Search papers, labs, and topics across Lattice.
This paper introduces Agents'Last Exam (ALE), a benchmark specifically designed to evaluate AI agents on long-horizon, economically valuable tasks, addressing the gap between AI performance on standard benchmarks and real-world deployment. Developed with input from over 250 industry experts, ALE encompasses a comprehensive task taxonomy that spans 1,000+ tasks across 13 industry clusters, focusing on non-physical industries. Current evaluations reveal that the hardest tier of tasks remains underexplored, with an average full pass rate of only 2.6%, highlighting the need for more rigorous assessment frameworks in AI development.
The hardest AI tasks remain largely unsolved, with current models achieving only a 2.6% success rate on economically valuable workflows.
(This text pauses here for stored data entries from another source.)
(* In the setting below, there is a constant $C_1>0$ depending only on $K$ such that for each $f\in D_I$ and $i\in I$ there exist $g=\sum_{n\ge0}g_nt^n\in D_i'$ and $h=\sum_{n\ge0}h_nt^n\in D_i$ with $f=g+h$, $|g|_t\le|f|_t$ and $|h|_t\le|f|_t$; moreover, if $i=1$ then $\|h_n\|<C_1$ for all $n\ge0$, and if $i\ne1$ then $\|g_n\|<C_1$ for all $n\ge0$.
   Context: Let $K$ be a number field with ring of integers $R$; for $x\in K$ put $\|x\|=\max_{\sigma\in\operatorname{Hom}(K,\mathbb{C})}|\sigma(x)|$, and for a subring $S\subseteq K$ let $S\{t\}=\{\sum_{n\ge0}a_nt^n\in S[[t]]:\limsup_n\|a_n\|^{1/n}\le1\}$. Let $I$ be a finite index set containing the symbol $1$, and for each $i\in I$ let $a_i\in R$ be nonzero and not a unit, with $a_iR+a_jR=R$ for distinct $i,j\in I$. For $J\subseteq I$ let $a_J=\prod_{j\in J}a_j$ ($a_\emptyset=1$), $R_J=R[1/a_J]$, and $D_J=R_J\{t\}$ if $1\notin J$, $D_J=R_J[[t]]$ if $1\in J$; all are subrings of $D_I=R_I[[t]]$. For $i\in I$ put $D_i=D_{I\setminus\{i\}}$ and $D_i'=D_{\{i\}}$. $|\cdot|_t=e^{-v_t}$ is the $t$-adic absolute value on $R_I[[t]]$. *)

theory Defs
  imports "HOL-Analysis.Analysis" "HOL-Computational_Algebra.Polynomial"
    "HOL-Computational_Algebra.Formal_Power_Series" "HOL-Library.Liminf_Limsup"
begin

text \<open>A number field is modelled as a subfield K of the complex numbers that is
  finite-dimensional over the rationals.\<close>
definition number_field :: "complex set \<Rightarrow> bool" where
  "number_field K \<longleftrightarrow>
     0 \<in> K \<and> 1 \<in> K \<and>
     (\<forall>x\<in>K. \<forall>y\<in>K. x + y \<in> K \<and> x * y \<in> K) \<and>
     (\<forall>x\<in>K. - x \<in> K \<and> inverse x \<in> K) \<and>
     (\<exists>B. finite B \<and> B \<subseteq> K \<and>
        (\<forall>x\<in>K. \<exists>c. (\<forall>b\<in>B. c b \<in> \<rat>) \<and> x = (\<Sum>b\<in>B. c b * b)))"

text \<open>Field embeddings K \<rightarrow> C (made extensional: zero outside K).\<close>
definition embeddings :: "complex set \<Rightarrow> (complex \<Rightarrow> complex) set" where
  "embeddings K = {\<sigma>. (\<forall>x\<in>K. \<forall>y\<in>K. \<sigma> (x + y) = \<sigma> x + \<sigma> y \<and> \<sigma> (x * y) = \<sigma> x * \<sigma> y)
      \<and> \<sigma> 1 = 1 \<and> (\<forall>x. x \<notin> K \<longrightarrow> \<sigma> x = 0)}"
lemma path_induced_comp:
  assumes f: "ogp_embedding f A B" and g: "ogp_embedding g B C"
    and A: "ogpos A" and B: "ogpos B" and C: "ogpos C"
    and dB: "dimS B (El B) = int n" and dC: "dimS C (El C) = int n"
    and f_induced: "path_induced B (int n - 1) (f ` fvert A (int n - 1))"
    and g_induced: "path_induced C (int n - 1) (g ` fvert B (int n - 1))"
  shows "path_induced C (int n - 1) ((g \<circ> f) ` fvert A (int n - 1))"
  unfolding path_induced_def image_comp[symmetric]
proof (intro conjI allI impI)
  let ?T = "fvert B (int n - 1)" and ?S = "f ` fvert A (int n - 1)"
  have ST: "?S \<subseteq> ?T" and TB: "?T \<subseteq> El B"
    using f_induced unfolding path_induced_def fvert_def by auto
  then show "g ` ?S \<subseteq> fvert C (int n - 1)"
    using g_induced unfolding path_induced_def by blast
  fix xs assume xs: "fpath C (int n - 1) xs" "hd xs \<in> g ` ?S" "last xs \<in> g ` ?S"
  then have "xs \<in> lists (g ` ?T)"
    using g_induced ST unfolding path_induced_def by blast
  then obtain ys where ys: "ys \<in> lists ?T" and xs_eq: "xs = map g ys"
    unfolding lists_image by blast
  have ys_El: "set ys \<subseteq> El B"
    using ys TB by auto
  have "successively (\<lambda>x y. fedge C (int n - 1) (g x) (g y)) ys"
    using xs(1) unfolding fpath_iff_successively xs_eq successively_map by blast
  then have "successively (fedge B (int n - 1)) ys"
    by (rule successively_mono) (use ogp_embedding_fedge_top_iff[OF g B C dB dC] ys_El in blast)
  then have "fpath B (int n - 1) ys"
    using xs(1) ys unfolding fpath_iff_successively xs_eq by auto
  moreover have "hd ys \<in> ?S" "last ys \<in> ?S"
  proof -
    have "ys \<noteq> []" "g (hd ys) \<in> g ` ?S" "g (last ys) \<in> g ` ?S"
      using xs unfolding fpath_def xs_eq by (auto simp: hd_map last_map)
    moreover have "hd ys \<in> El B" "last ys \<in> El B"
      using ys_El \<open>ys \<noteq> []\<close> by auto
    ultimately show "hd ys \<in> ?S" "last ys \<in> ?S"
      using inj_on_image_mem_iff[OF ogp_embedding_inj_on[OF g] _ order_trans[OF ST TB]] by blast+
  qed
  ultimately have "set ys \<subseteq> ?S"
    using f_induced unfolding path_induced_def by blast
  then show "set xs \<subseteq> g ` ?S"
    using xs_eq by auto
qed

lemma paste_no_top_fedge_right_to_left:
  assumes p: "is_paste U V k W iU iV" and U: "ogpos U" and V: "ogpos V" and W: "ogpos W"
    and dW: "dimS W (El W) = int n" and k: "k < n"
    and x: "x \<in> El U" and y: "y \<in> El V" and top: "iU x \<in> fvert W (int n - 1)"
  shows "\<not> fedge W (int n - 1) (iV y) (iU x)"
proof
  have eU: "ogp_embedding iU U W" and eV: "ogp_embedding iV V W"
    using paste_ogp_embedding_left[OF p] paste_ogp_embedding_right[OF p] .
  assume "fedge W (int n - 1) (iV y) (iU x)"
  then have "Fc W True (iV y) \<inter> Fc W False (iU x) \<noteq> {}"
    unfolding fedge_top_iff[OF W dW] by (elim conjE)
  then have "iV ` Fc V True y \<inter> iU ` Fc U False x \<noteq> {}"
    unfolding ogp_embedding_Fc[OF eU x] ogp_embedding_Fc[OF eV y] .
  then obtain z where "z \<in> iU ` Fc U False x" "z \<in> iV ` Fc V True y"
    by blast
  then obtain x' y' where x': "x' \<in> Fc U False x" and y': "y' \<in> Fc V True y"
    and glued: "iU x' = iV y'"
    by (metis imageE)
  have bd: "x' \<in> bd U True (int k) (El U)"
    using paste_identified_mem_bd[OF p _ _ glued] x' y' Fc_El[OF U] Fc_El[OF V] by blast
  have "dim U x = n"
    using dim_of_mem_fvert_top[OF W dW top] ogp_embedding_dim[OF eU U W x] by simp
  moreover have "dim U x = Suc (dim U x')"
    using dim_cov[OF U] x' x unfolding cov_def by blast
  ultimately have "k \<le> dim U x'"
    using k by simp
  then have "x' \<notin> Fc U (\<not> True) x"
    using not_Fc_opposite_of_mem_bd[OF U bd _ x] by blast
  then show False
    using x' by simp
qed

lemma path_induced_paste_left:
  assumes p: "is_paste U V k W iU iV" and U: "ogpos U" and V: "ogpos V" and W: "ogpos W"
    and dW: "dimS W (El W) = int n" and k: "k < n"
  shows "path_induced W (int n - 1) (iU ` fvert U (int n - 1))"
proof (rule path_induced_of_backward_closed)
  have eU: "ogp_embedding iU U W"
    using paste_ogp_embedding_left[OF p] .
  show "iU ` fvert U (int n - 1) \<subseteq> fvert W (int n - 1)"
    using ogp_embedding_fvert_iff[OF eU U W] unfolding fvert_def by blast
  fix u v
  assume e: "fedge W (int n - 1) u v" and "v \<in> iU ` fvert U (int n - 1)"
  then obtain x where x: "x \<in> fvert U (int n - 1)" and v: "v = iU x"
    by blast
  have u: "u \<in> fvert W (int n - 1)"
    using e unfolding fedge_def by blast
  then consider x0 where "x0 \<in> El U" "u = iU x0" | y where "y \<in> El V" "u = iV y"
    using paste_El[OF p] unfolding fvert_def by blast
  then show "u \<in> iU ` fvert U (int n - 1)"
  proof cases
    case 1
    then show ?thesis
      using u ogp_embedding_fvert_iff[OF eU U W] by blast
  next
    case 2
    have "x \<in> El U" "v \<in> fvert W (int n - 1)"
      using x e unfolding fvert_def fedge_def by auto
    then show ?thesis
      using paste_no_top_fedge_right_to_left[OF p U V W dW k] e 2 v by blast
  qed
qed

lemma path_induced_paste_right:
  assumes p: "is_paste U V k W iU iV" and U: "ogpos U" and V: "ogpos V" and W: "ogpos W"
    and dW: "dimS W (El W) = int n" and k: "k < n"
  shows "path_induced W (int n - 1) (iV ` fvert V (int n - 1))"
proof (rule path_induced_of_forward_closed)
  have eV: "ogp_embedding iV V W"
    using paste_ogp_embedding_right[OF p] .
  show "iV ` fvert V (int n - 1) \<subseteq> fvert W (int n - 1)"
    using ogp_embedding_fvert_iff[OF eV V W] unfolding fvert_def by blast
  fix u v
  assume e: "fedge W (int n - 1) u v" and "u \<in> iV ` fvert V (int n - 1)"
  then obtain y where y: "y \<in> fvert V (int n - 1)" and u: "u = iV y"
    by blast
  have v: "v \<in> fvert W (int n - 1)"
    using e unfolding fedge_def by blast
  then consider x where "x \<in> El U" "v = iU x" | y0 where "y0 \<in> El V" "v = iV y0"
    using paste_El[OF p] unfolding fvert_def by blast
  then show "v \<in> iV ` fvert V (int n - 1)"
  proof cases
    case 1
    have "y \<in> El V"
      using y unfolding fvert_def by blast
    then show ?thesis
      using paste_no_top_fedge_right_to_left[OF p U V W dW k] e 1 u v by blast
  next
    case 2
    then show ?thesis
      using v ogp_embedding_fvert_iff[OF eV V W] by blast
  qed
qed

lemma path_induced_iso:
  assumes "iso f U V" and "ogpos U" and "ogpos V"
  shows "path_induced V k (f ` fvert U k)"
proof -
  have e: "ogp_embedding f U V"
    using ogp_embedding_of_incl[OF assms(2,3) incl_of_iso[OF assms(1)]] .
  have onto: "f ` El U = El V"
    using assms(1) bij_betw_imp_surj_on unfolding iso_def by blast
  have "f ` fvert U k = fvert V k"
  proof (intro equalityI subsetI)
    fix y assume "y \<in> f ` fvert U k"
    then show "y \<in> fvert V k"
      using ogp_embedding_fvert_iff[OF e assms(2,3)] unfolding fvert_def by auto
  next
    fix y assume y: "y \<in> fvert V k"
    then obtain x where "x \<in> El U" "y = f x"
      using onto unfolding fvert_def by auto
    then show "y \<in> f ` fvert U k"
      using y ogp_embedding_fvert_iff[OF e assms(2,3)] by blast
  qed
  then show ?thesis
    using path_induced_fvert by simp
qed

lemma path_induced_of_subinc:
  "subinc f A B \<Longrightarrow> dimS A (El A) = int n \<Longrightarrow> dimS B (El B) = int n \<Longrightarrow>
    path_induced B (int n - 1) (f ` fvert A (int n - 1))"
proof (induction arbitrary: n rule: subinc.induct)
  case (iso U V f)
  then show ?case
    using path_induced_iso[OF iso.hyps(3)] regmol_ogpos by blast
next
  case (inl U V k W iU iV)
  have "k < n"
    using inl.hyps(3) inl.prems(1) by simp
  then show ?case
    using path_induced_paste_left[OF inl.hyps(6) regmol_ogpos regmol_ogpos inl.hyps(5) inl.prems(2)]
      inl.hyps(1,2) by blast
next
  case (inr U V k W iU iV)
  have "k < n"
    using inr.hyps(4) inr.prems(1) by simp
  then show ?case
    using path_induced_paste_right[OF inr.hyps(6) regmol_ogpos regmol_ogpos inr.hyps(5) inr.prems(2)]
      inr.hyps(1,2) by blast
next
  case (comp f A B g C)
  have A: "ogpos A" and B: "ogpos B" and C: "ogpos C"
    and f: "ogp_embedding f A B" and g: "ogp_embedding g B C"
    using subinc_ogp_embedding[OF comp.hyps(1)] subinc_ogp_embedding[OF comp.hyps(2)] by blast+
  have dB: "dimS B (El B) = int n"
    using ogp_embedding_dimS_mono[OF f A B] ogp_embedding_dimS_mono[OF g B C] comp.prems by simp
  show ?case
    using path_induced_comp[OF f g A B C dB comp.prems(2) comp.IH(1)[OF comp.prems(1) dB]
        comp.IH(2)[OF dB comp.prems(2)]] .
next
  case (ext f A B g)
  have "f ` fvert A (int n - 1) = g ` fvert A (int n - 1)"
    using ext.hyps(2) unfolding fvert_def by auto
  then show ?case
    using ext.IH ext.prems by simp
qed

theorem proposition3p22:
  fixes U V :: ogp and i :: "nat \<Rightarrow> nat" and n :: nat
  assumes "regmol U" and "regmol V" and "incl i V U"
    and "dimS U (El U) = int n" and "dimS V (El V) = int n"
    and "round V"
    and "subinc i V U"
  shows "path_induced U (int n - 1) (i ` fvert V (int n - 1))"
  using path_induced_of_subinc[OF assms(7,5,4)] .

end
lemma closed_walk_weight_nonneg:
  assumes cycle_nonneg: "\<And>cs. distinct cs \<Longrightarrow> set cs \<subseteq> V \<Longrightarrow> cs \<noteq> [] \<Longrightarrow>
      0 \<le> walk_weight f (cs @ [hd cs])"
  shows "set (v # ys) \<subseteq> V \<Longrightarrow> 0 \<le> walk_weight f (v # ys @ [v])"
proof (induction "length ys" arbitrary: v ys rule: less_induct)
  case less
  show ?case
  proof (cases "distinct (v # ys)")
    case True
    from cycle_nonneg[OF True less.prems] show ?thesis by simp
  next
    case not_distinct: False
    show ?thesis
    proof (cases "v \<in> set ys")
      case True
      then obtain ys1 ys2 where ys: "ys = ys1 @ v # ys2" by (meson split_list)
      have "walk_weight f (v # ys @ [v])
          = walk_weight f (v # ys1 @ [v]) + walk_weight f (v # ys2 @ [v])"
        using walk_weight_append[of f "v # ys1" v "ys2 @ [v]"] by (simp add: ys)
      moreover have "0 \<le> walk_weight f (v # ys1 @ [v])" "0 \<le> walk_weight f (v # ys2 @ [v])"
        using less.hyps[of ys1 v] less.hyps[of ys2 v] less.prems by (simp_all add: ys)
      ultimately show ?thesis by simp
    next
      case False
      with not_distinct have "\<not> distinct ys" by simp
      then obtain a y b c where ys: "ys = a @ [y] @ b @ [y] @ c"
        using not_distinct_decomp by blast
      have "walk_weight f (v # ys @ [v])
          = walk_weight f (v # (a @ y # c) @ [v]) + walk_weight f (y # b @ [y])"
        using walk_weight_append[of f "v # a" y "b @ y # c @ [v]"]
          walk_weight_append[of f "y # b" y "c @ [v]"] walk_weight_append[of f "v # a" y "c @ [v]"]
        by (simp add: ys)
      moreover have "0 \<le> walk_weight f (v # (a @ y # c) @ [v])" "0 \<le> walk_weight f (y # b @ [y])"
        using less.hyps[of "a @ y # c" v] less.hyps[of b y] less.prems by (simp_all add: ys)
      ultimately show ?thesis by simp
    qed
  qed
qed

lemma shortcut_walk:
  assumes closed: "\<And>v ys. set (v # ys) \<subseteq> V \<Longrightarrow> 0 \<le> walk_weight f (v # ys @ [v])"
  shows "ws \<noteq> [] \<Longrightarrow> set ws \<subseteq> V \<Longrightarrow> \<exists>ps. ps \<noteq> [] \<and> hd ps = hd ws \<and> distinct ps
      \<and> set ps \<subseteq> V \<and> walk_weight f ps \<le> walk_weight f ws"
proof (induction "length ws" arbitrary: ws rule: less_induct)
  case less
  show ?case
  proof (cases "distinct ws")
    case True
    then show ?thesis using less.prems by blast
  next
    case False
    then obtain a y b c where ws: "ws = a @ [y] @ b @ [y] @ c"
      using not_distinct_decomp by blast
    have "walk_weight f ws = walk_weight f (a @ y # c) + walk_weight f (y # b @ [y])"
      using walk_weight_append[of f a y "b @ y # c"] walk_weight_append[of f "y # b" y c]
        walk_weight_append[of f a y c] by (simp add: ws)
    moreover have "0 \<le> walk_weight f (y # b @ [y])" using closed less.prems ws by auto
    moreover have "hd (a @ y # c) = hd ws" by (cases a) (auto simp: ws)
    moreover obtain ps where "ps \<noteq> []" "hd ps = hd (a @ y # c)" "distinct ps" "set ps \<subseteq> V"
        "walk_weight f ps \<le> walk_weight f (a @ y # c)"
      using less.hyps[of "a @ y # c"] less.prems ws by auto
    ultimately show ?thesis by (metis add_increasing2)
  qed
qed

text \<open>The potential of a vertex is the least weight of a path starting there;
  it is well defined because no cycle has negative weight.\<close>

lemma potentials_if_id_optimal:
  fixes Q :: "'a \<Rightarrow> 'a \<Rightarrow> int"
  assumes V: "finite V"
    and opt: "\<And>\<tau>. \<tau> permutes V \<Longrightarrow> (\<Sum>c\<in>V. Q c c) \<le> (\<Sum>c\<in>V. Q c (\<tau> c))"
  obtains x where "\<And>c j. c \<in> V \<Longrightarrow> j \<in> V \<Longrightarrow> x c - x j \<le> Q c j - Q c c"
proof -
  define f where "f a b = Q a b - Q a a" for a b
  have "0 \<le> walk_weight f (cs @ [hd cs])" if "distinct cs" "set cs \<subseteq> V" "cs \<noteq> []" for cs
    using cycle_weight_nonneg_if_id_optimal[where Q=Q, OF opt V that] by (simp add: f_def[abs_def])
  then have closed: "\<And>v ys. set (v # ys) \<subseteq> V \<Longrightarrow> 0 \<le> walk_weight f (v # ys @ [v])"
    by (rule closed_walk_weight_nonneg)
  define D where "D c = {walk_weight f ps | ps. ps \<noteq> [] \<and> hd ps = c \<and> distinct ps \<and> set ps \<subseteq> V}"
    for c
  define x where "x c = Min (D c)" for c
  have fin: "finite (D c)" for c
  proof (rule finite_subset)
    have "length ps \<le> card V" if "distinct ps" "set ps \<subseteq> V" for ps
      using distinct_card[OF that(1)] card_mono[OF V that(2)] by simp
    then show "D c \<subseteq> walk_weight f ` {ps. set ps \<subseteq> V \<and> length ps \<le> card V}"
      unfolding D_def by blast
  qed (simp add: V finite_lists_length_le)
  have lower: "x (hd ws) \<le> walk_weight f ws" if ws: "ws \<noteq> []" "set ws \<subseteq> V" for ws
  proof -
    obtain ps where "ps \<noteq> []" "hd ps = hd ws" "distinct ps" "set ps \<subseteq> V"
      and le: "walk_weight f ps \<le> walk_weight f ws"
      using shortcut_walk[OF closed ws] by blast
    then have "walk_weight f ps \<in> D (hd ws)" by (auto simp: D_def)
    then have "x (hd ws) \<le> walk_weight f ps" unfolding x_def using fin by (rule Min_le[rotated])
    with le show ?thesis by linarith
  qed
  show ?thesis
  proof
    fix c j assume c: "c \<in> V" and j: "j \<in> V"
    have "walk_weight f [j] \<in> D j"
      unfolding D_def mem_Collect_eq by (rule exI[of _ "[j]"]) (simp add: j)
    then have "x j \<in> D j" unfolding x_def using fin by (intro Min_in) auto
    then obtain ps where ps: "x j = walk_weight f (j # ps)" "set ps \<subseteq> V"
      by (auto simp: D_def neq_Nil_conv)
    have "x c \<le> walk_weight f (c # j # ps)" using lower[of "c # j # ps"] ps c j by auto
    also have "\<dots> = f c j + x j" using ps by simp
    finally show "x c - x j \<le> Q c j - Q c c" by (simp add: f_def)
  qed
qed

lemma assignment_duality:
  fixes P :: "'a \<Rightarrow> 'a \<Rightarrow> int"
  assumes V: "finite V"
  obtains \<pi> u x where "\<pi> permutes V" "\<And>i j. i \<in> V \<Longrightarrow> j \<in> V \<Longrightarrow> u i - x j \<le> P i j"
    "(\<Sum>i\<in>V. P i (\<pi> i)) = (\<Sum>i\<in>V. u i) - (\<Sum>j\<in>V. x j)"
proof -
  define F where "F p = (\<Sum>i\<in>V. P i (p i))" for p
  have fin: "finite {p. p permutes V}" using V by (rule finite_permutations)
  moreover have "{p. p permutes V} \<noteq> {}" using permutes_id by blast
  ultimately obtain \<pi> where "is_arg_min F (\<lambda>p. p \<in> {p. p permutes V}) \<pi>"
    using ex_is_arg_min_if_finite by blast
  then have \<pi>: "\<pi> permutes V" and min: "\<And>p. p permutes V \<Longrightarrow> F \<pi> \<le> F p"
    by (simp_all add: is_arg_min_linorder)
  define Q where "Q c j = P (inv \<pi> c) j" for c j
  have sum_Q: "(\<Sum>c\<in>V. Q c (\<tau> c)) = F (\<tau> \<circ> \<pi>)" for \<tau>
    using sum.permute[OF \<pi>, of "\<lambda>c. Q c (\<tau> c)"] by (simp add: F_def Q_def permutes_inverses[OF \<pi>])
  have "(\<Sum>c\<in>V. Q c c) \<le> (\<Sum>c\<in>V. Q c (\<tau> c))" if "\<tau> permutes V" for \<tau>
    using sum_Q[of id] sum_Q[of \<tau>] min[OF permutes_compose[OF \<pi> that]] by simp
  then obtain x where x: "\<And>c j. c \<in> V \<Longrightarrow> j \<in> V \<Longrightarrow> x c - x j \<le> Q c j - Q c c"
    using potentials_if_id_optimal[OF V] by blast
  define u where "u i = P i (\<pi> i) + x (\<pi> i)" for i
  show thesis
  proof
    show "\<pi> permutes V" by (fact \<pi>)
    show "u i - x j \<le> P i j" if "i \<in> V" "j \<in> V" for i j
      using x[of "\<pi> i" j] that permutes_in_image[OF \<pi>]
      by (simp add: u_def Q_def permutes_inverses[OF \<pi>])
    have "(\<Sum>i\<in>V. x (\<pi> i)) = (\<Sum>j\<in>V. x j)"
      using sum.permute[OF \<pi>, of x] by simp
    then show "(\<Sum>i\<in>V. P i (\<pi> i)) = (\<Sum>i\<in>V. u i) - (\<Sum>j\<in>V. x j)"
      by (simp add: u_def sum.distrib)
  qed
qed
Recent AI systems have achieved strong results on a wide range of benchmarks, yet these gains have not translated into economically meaningful deployment across many professional domains. We argue that this gap is largely an evaluation problem: widely used benchmarks lack sustained performance measurement on real and economically valuable workflows. This paper introduces Agents'Last Exam (ALE), a benchmark designed to evaluate AI agents on long-horizon, economically valuable, real-world tasks with verifiable outcomes. Developed in collaboration with 250+ industry experts, ALE covers non-physical industries defined with reference to O*NET / SOC 2018 (the U.S. federal occupational taxonomy). It is organized around a task taxonomy with 55 subfields grouped into 13 industry clusters covering 1K+ tasks. Current results show that the hardest tier remains far from saturated: across mainstream harness and backbone configurations, the average full pass rate is 2.6%. ALE is designed as a living benchmark: its task pool grows continuously as new workflows and industries are onboarded. More broadly, ALE is intended not merely as another leaderboard, but as an instrument for closing the gap between benchmark success and GDP-relevant impact.